Dataset records below:
lemma refl_eq_wprod: "\<alpha> \<in> \<Phi> \<Longrightarrow> \<exists>ds. set ds \<subseteq> \<Delta> \<and> refl \<alpha> = wprod ds"
proof -
  have pos: "\<exists>ds. set ds \<subseteq> \<Delta> \<and> refl \<beta> = wprod ds" if \<beta>: "\<beta> \<in> P" for \<beta>
  proof -
    obtain ds d where ds: "set ds \<subseteq> \<Delta>" "d \<in> \<Delta>" "\<beta> = wprod ds d"
      using pos_root_conjugate_simple[OF \<beta>] by blast
    have "refl \<beta> y = wprod (ds @ d # rev ds) y" for y
    proof -
      have "refl \<beta> y = refl (wprod ds d) (wprod ds (wprod (rev ds) y))"
        using ds(3) wprod_rev_inverse[OF ds(1)] by simp
      also have "\<dots> = wprod ds (refl d (wprod (rev ds) y))"
        using refl_conjugate weyl_linear weyl_inner wprod_in_weyl_group[OF ds(1)] by blast
      finally show ?thesis by (simp add: wprod_append)
    qed
    then show ?thesis using ds by (intro exI[of _ "ds @ d # rev ds"]) auto
  qed
  assume "\<alpha> \<in> \<Phi>"
  then show ?thesis
    using pos[of \<alpha>] pos[of "- \<alpha>"] uminus_pos_root refl_uminus by metis
qed

lemma weyl_group_eq_wprod: "w \<in> W \<Longrightarrow> \<exists>ds. set ds \<subseteq> \<Delta> \<and> w = wprod ds"
proof (induction rule: weyl_group.induct)
  case id
  then show ?case by (intro exI[of _ "[]"]) simp
next
  case (step \<alpha> w)
  then obtain xs ys where "set xs \<subseteq> \<Delta>" "refl \<alpha> = wprod xs" "set ys \<subseteq> \<Delta>" "w = wprod ys"
    using refl_eq_wprod by blast
  then show ?case by (intro exI[of _ "xs @ ys"]) (simp add: wprod_append)
qed

lemma weyl_reduced_word: "w \<in> W \<Longrightarrow> \<exists>ds. set ds \<subseteq> \<Delta> \<and> length ds = wlen \<Delta> w \<and> w = wprod ds"
  using weyl_group_eq_wprod reduced_word_exists by blast

lemma wlen_eq_n_inversions: "w \<in> W \<Longrightarrow> wlen \<Delta> w = n_inversions w"
  using weyl_reduced_word n_inversions_reduced_word by metis

lemma wlen_comp_le: "u \<in> W \<Longrightarrow> v \<in> W \<Longrightarrow> wlen \<Delta> (u \<circ> v) \<le> wlen \<Delta> u + wlen \<Delta> v"
proof -
  assume "u \<in> W" "v \<in> W"
  then obtain xs ys where "set xs \<subseteq> \<Delta>" "length xs = wlen \<Delta> u" "u = wprod xs"
    and "set ys \<subseteq> \<Delta>" "length ys = wlen \<Delta> v" "v = wprod ys"
    using weyl_reduced_word by meson
  then show ?thesis using wlen_le_length[of "xs @ ys" \<Delta>] by (simp add: wprod_append)
qed

lemma weyl_pos_on_span:
  assumes w: "w \<in> W" and S: "\<forall>d\<in>S. w d \<in> P"
    and \<beta>: "\<beta> \<in> P" "\<forall>e\<in>\<Delta> - S. coord e \<beta> = 0"
  shows "w \<beta> \<in> P"
proof -
  have "coord f (w \<beta>) \<ge> 0" if f: "f \<in> \<Delta>" for f
  proof -
    have "coord f (w \<beta>) = (\<Sum>e\<in>\<Delta>. coord e \<beta> * coord f (w e))"
      by (subst coord_expansion[of \<beta>])
        (simp add: linear_sum[OF weyl_linear[OF w]] linear_scale[OF weyl_linear[OF w]]
          linear_sum[OF coord_linear] coord_scale)
    also have "\<dots> \<ge> 0"
    proof (rule sum_nonneg)
      fix e assume e: "e \<in> \<Delta>"
      show "0 \<le> coord e \<beta> * coord f (w e)"
      proof (cases "e \<in> S")
        case True
        then show ?thesis using S \<beta>(1) e f by (simp add: pos_roots_iff)
      next
        case False
        then show ?thesis using \<beta>(2) e by simp
      qed
    qed
    finally show ?thesis .
  qed
  then show ?thesis using weyl_root[OF w pos_root[OF \<beta>(1)]] by (simp add: pos_roots_iff)
qed

lemma weyl_simple_pos_eq_id:
  assumes w: "w \<in> W" and pos: "\<forall>d\<in>\<Delta>. w d \<in> P"
  shows "w = id"
proof -
  obtain ds where ds: "set ds \<subseteq> \<Delta>" "length ds = wlen \<Delta> w" "w = wprod ds"
    using weyl_reduced_word[OF w] by blast
  have "inversions w = {}"
    using weyl_pos_on_span[OF w pos] by (auto simp: inversions_def)
  then have "length ds = 0"
    using n_inversions_reduced_word[OF ds(1)] ds by (simp add: n_inversions_def)
  then show ?thesis using ds(3) by simp
qed

end

section \<open>Dominant vectors and the sets \<open>X\<^sub>I\<close>\<close>

definition dominant :: "'a::euclidean_space set \<Rightarrow> 'a \<Rightarrow> bool" where
  "dominant \<Delta> v \<longleftrightarrow> (\<forall>d\<in>\<Delta>. 0 \<le> v \<bullet> d)"

context based_root_system
begin

lemma dominant_inner_nonneg: "dominant \<Delta> v \<Longrightarrow> \<forall>e\<in>\<Delta>. 0 \<le> coord e x \<Longrightarrow> 0 \<le> v \<bullet> x"
  unfolding inner_coord_expansion[of v x] dominant_def by (intro sum_nonneg) simp

lemma dominant_inner_neg_root: "dominant \<Delta> v \<Longrightarrow> \<beta> \<in> \<Phi> \<Longrightarrow> \<beta> \<notin> P \<Longrightarrow> \<beta> \<bullet> v \<le> 0"
  using dominant_inner_nonneg[of v "- \<beta>"] uminus_pos_root[of \<beta>]
  by (simp add: pos_roots_iff inner_commute)

lemma highest_root_dominant:
  assumes h: "highest_root \<Phi> \<Delta> h"
  shows "dominant \<Delta> h"
  unfolding dominant_def
proof (intro ballI)
  fix d assume d: "d \<in> \<Delta>"
  have "refl d h \<in> \<Phi>" using h d refl_root simple_root by (auto simp: highest_root_def)
  then have "0 \<le> coord d (h - refl d h)"
    using h d by (auto simp: highest_root_def nonneg_comb_iff_coord)
  also have "coord d (h - refl d h) = 2 * (h \<bullet> d) / (d \<bullet> d)"
    using d by (simp add: refl_def coord_scale coord_simple)
  finally show "0 \<le> h \<bullet> d"
    using root_inner_self_pos[OF simple_root[OF d]] by (simp add: zero_le_divide_iff)
qed
lemma sum_ln_prime_div_le:
  "(\<Sum>p | prime p \<and> p \<le> n. ln (real p) / (real p * (real p - 1))) \<le> 51 / 50"
proof -
  define g :: "nat \<Rightarrow> real" where "g m = ln (real m) / (real m * (real m - 1))" for m
  have g: "g m \<ge> 0" for m by (cases "m = 0") (auto simp: g_def)
  have "{p. prime p \<and> p \<le> n} \<subseteq> {2, 3, 5, 7, 11} \<union> {12..n}"
  proof
    fix p assume "p \<in> {p. prime p \<and> p \<le> n}"
    then show "p \<in> {2, 3, 5, 7, 11} \<union> {12..n}"
      using primes_le_11 by (cases "p \<le> 11") auto
  qed
  then have "(\<Sum>p | prime p \<and> p \<le> n. g p) \<le> (\<Sum>p\<in>{2, 3, 5, 7, 11} \<union> {12..n}. g p)"
    by (intro sum_mono2) (auto simp: g)
  also have "\<dots> \<le> (\<Sum>p\<in>{2, 3, 5, 7, 11}. g p) + (\<Sum>p=11+1..n. g p)"
    by (simp add: sum_Un sum_nonneg g)
  also have "(\<Sum>p=11+1..n. g p) \<le> (ln 11 + 12 / 11) / 11"
    using sum_ln_div_tail_le[of 11 n] by (simp add: g_def)
  finally have "(\<Sum>p | prime p \<and> p \<le> n. g p)
      \<le> ln 2 / 2 + ln 3 / 6 + ln 5 / 20 + ln 7 / 42 + ln 11 / 110 + (ln 11 + 12 / 11) / 11"
    by (simp add: g_def)
  moreover have "ln (4::real) = 2 * ln 2" "ln (8::real) = 3 * ln 2"
    using ln_realpow[of 2 2] ln_realpow[of 2 3] by simp_all
  then have "ln (3::real) \<le> 2 * ln 2 - 1 / 4" "ln (5::real) \<le> 2 * ln 2 + 1 / 4"
    "ln (7::real) \<le> 3 * ln 2 - 1 / 8" "ln (11::real) \<le> 3 * ln 2 + 3 / 8"
    using ln_le_ln_plus_div_minus_1[of 3 4] ln_le_ln_plus_div_minus_1[of 5 4]
      ln_le_ln_plus_div_minus_1[of 7 8] ln_le_ln_plus_div_minus_1[of 11 8] by simp_all
  ultimately have "(\<Sum>p | prime p \<and> p \<le> n. g p) \<le> 51 / 50"
    using ln2_le_25_over_36 by (simp add: field_simps)
  then show ?thesis
    by (simp add: g_def)
qed
(* Let $G$ and $H$ be any graphs, and let $i_G$ be the number of isolated vertices of $G$. Then $$\rho_o(G\circ H)=\begin{cases}\rho_o(G)+i_G\rho_o(H)-i_G, & \text{if } H \text{ has an isolated vertex},\\ \rho(G)+i_G\rho_o(H)-i_G, & \text{otherwise.}\end{cases}$$
   Context: All graphs are finite and simple. A packing of $G$ is a set $P\subseteq V(G)$ with $N[u]\cap N[v]=\emptyset$ for all distinct $u,v\in P$ ($N[\cdot]$ the closed neighborhood); $\rho(G)$ is the maximum size of a packing. An open packing is a set $P$ whose vertices have pairwise disjoint open neighborhoods $N(\cdot)$; $\rho_o(G)$ is the maximum size of an open packing. The lexicographic product $G\circ H$ has vertex set $V(G)\times V(H)$, with $(g,h)$ adjacent to $(g',h')$ iff $gg'\in E(G)$, or ($g=g'$ and $hh'\in E(H)$). *)

theory Defs
  imports Main
begin

definition graph :: "'a set \<Rightarrow> ('a \<Rightarrow> 'a \<Rightarrow> bool) \<Rightarrow> bool" where
  "graph V E \<longleftrightarrow> finite V \<and> (\<forall>u v. E u v \<longrightarrow> u \<in> V \<and> v \<in> V)
      \<and> (\<forall>u v. E u v \<longrightarrow> E v u) \<and> (\<forall>v. \<not> E v v)"

definition nbhd :: "'a set \<Rightarrow> ('a \<Rightarrow> 'a \<Rightarrow> bool) \<Rightarrow> 'a \<Rightarrow> 'a set" where
  "nbhd V E v = {u \<in> V. E v u}"

definition cnbhd :: "'a set \<Rightarrow> ('a \<Rightarrow> 'a \<Rightarrow> bool) \<Rightarrow> 'a \<Rightarrow> 'a set" where
  "cnbhd V E v = insert v (nbhd V E v)"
End of Dataset records.
## Goal of the exercise
Copy each line above that contains the string "unfolding".

## Problem solution
  unfolding inner_coord_expansion[of v x] dominant_def by (intro sum_nonneg) simp
  unfolding dominant_def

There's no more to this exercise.